Bobby Noble, York University

As I sit down to draft this entry, Dean Spade’s important book Normal Life: Administrative Violence, Critical Trans Practice and the Limits of  Law58  literally lands at my door. I’ve been thinking for a while now about the relationship between what Spade calls “administrative violence” and the structures of binary  genders  as  they  emerge  as  a  modality  of   the  identification  practices  of   the  academic- corporate  complex.  I  quickly  skim  Spade’s  book  for  entry  points  into  a  description  of   two monumental ‘personal’ problematics that preoccupy both my own institutional life and the way that such an institutional practice might possibly emerge both in and as a modality of  a counterpublic – or more to the point, fail to productively materialize as such.
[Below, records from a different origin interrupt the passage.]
lemma ex_acceptable_value:
  assumes "coherent1 E Q"
  obtains v where "acceptable_value E Q q v"
proof (cases "acceptable_prices E Q q {0<..} \<inter> acceptable_prices E Q q {..<0} = {}")
  case True
  have "acceptable_prices E Q q {0<..} \<inter> UNIV = {} \<or> acceptable_prices E Q q {..<0} \<inter> UNIV = {}"
    by (rule connected_closedD[OF connected_UNIV _ _ closed_acceptable_prices closed_acceptable_prices])
      (use True acceptable_prices_buy_sell_cover[OF assms, of q] in auto)
  then have "acceptable_value E Q q (-\<infinity>) \<or> acceptable_value E Q q \<infinity>"
    using acceptable_prices_buy_sell_cover[OF assms, of q] unfolding acceptable_value_def by auto
  then show thesis using that by blast
next
  case False
  then obtain r where "r \<in> acceptable_prices E Q q {0<..} \<inter> acceptable_prices E Q q {..<0}"
    by blast
  then show thesis
    by (intro that[of "ereal r"]) (simp add: acceptable_value_def)
qed

lemma acceptable_value_stake:
  assumes "coherent1 E Q" and "acceptable_value E Q q v" and "admissible_stake v a c"
    and "g \<in> gains E Q"
  shows "\<not> uniformly_negative (\<lambda>\<omega>. g \<omega> + a * indicator (snd q) \<omega> * (fst q \<omega> - c))"
proof -
  consider "a = 0" | "a > 0" "c \<in> acceptable_prices E Q q {0<..}"
    | "a < 0" "c \<in> acceptable_prices E Q q {..<0}"
    using assms(2,3) unfolding acceptable_value_def admissible_stake_def
    by (cases v; cases a "0::real" rule: linorder_cases) auto
  then show ?thesis
  proof cases
    case 1
    then show ?thesis using assms(1,4) not_uniformly_negative_gains by simp
  qed (use assms(4) in \<open>auto simp: acceptable_prices_def\<close>)
qed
The first modality I reference is an impending trans human rights complaint I seek to launch against the federal government for their use of  exclusively binarized sex categories on Canadian passport documents. The second is what I can only identify as a related and seemingly structural virus that seems to have afflicted the vast and decentralized computer network of  my home university over the last five years, which prevent such systems from successfully processing my transgender legal name change (now at least six years old). The latter has been an ongoing struggle for myself  and for many skilled administrative personnel across the campus: To correct instances where my no-longer-legal- birth name pops up randomly.
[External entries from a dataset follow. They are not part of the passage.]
lemma egf_mono_arg:
  assumes "exp_type f" "\<And>n. 0 \<le> f n" "0 \<le> s" "s \<le> t"
  shows "egf f s \<le> egf f t"
  unfolding egf_def using assms summable_egf[OF assms(1)]
proof (intro suminf_le)
  fix n
  show "f n / fact n * s ^ n \<le> f n / fact n * t ^ n"
    using assms by (intro mult_left_mono power_mono divide_nonneg_pos) auto
qed auto

locale burst_chain =
  fixes N :: nat and \<delta> lam :: real and a :: "nat \<Rightarrow> nat \<Rightarrow> real"
    and b :: "nat \<Rightarrow> nat \<Rightarrow> nat \<Rightarrow> real"
  assumes N: "N \<ge> 1" and delta: "\<delta> > 0"
    and a_nonneg: "\<And>i j. i \<in> {1..N} \<Longrightarrow> j \<in> {1..N} \<Longrightarrow> i \<noteq> j \<Longrightarrow> a i j \<ge> 0"
    and b_nonneg: "\<And>r i j. r \<ge> 1 \<Longrightarrow> i \<in> {1..N} \<Longrightarrow> j \<in> {1..N} \<Longrightarrow> b r i j \<ge> 0"
    and lam0: "0 < lam" and lam1: "lam < 1"
    and geom: "\<And>r i j. r \<ge> 1 \<Longrightarrow> i \<in> {1..N} \<Longrightarrow> j \<in> {1..N} \<Longrightarrow> b r i j = lam ^ (r - 1) * b 1 i j"
begin

abbreviation phases :: "nat set" where "phases \<equiv> {1..N}"

definition D1 :: "nat \<Rightarrow> nat \<Rightarrow> real" where
  "D1 i j = b 1 i j"

lemma D1_nonneg: "i \<in> phases \<Longrightarrow> j \<in> phases \<Longrightarrow> D1 i j \<ge> 0"
  using b_nonneg[of 1 i j] by (simp add: D1_def)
The affliction is not mine alone; universities across Canada seem ill-equipped to cope with the trans- ing of  much of  its student, and in some cases, faculty cohort. But this particular truth-effect is yet another jarring structural impasse between the perceived new kid on the block – trans-scholarship as a  seemingly  new  cousin  of   sexuality  and  gender  studies  –  in  conflict  with  our  institutional deployment  of  rigid  en-gendering  practices  (strict  use  of  binary  sex  categories  and  legal  birth names)  for  our  students.  In  actuality  these  binary  sex  categories  compromise  the  integrity  of learning  environments  for  the  same  students  in  whose  imaginary  interest  ‘equity’  policies  are reiterated in the first place. The result is a violently performative refrain: ‘it isn’t our fault; we can’t change it.’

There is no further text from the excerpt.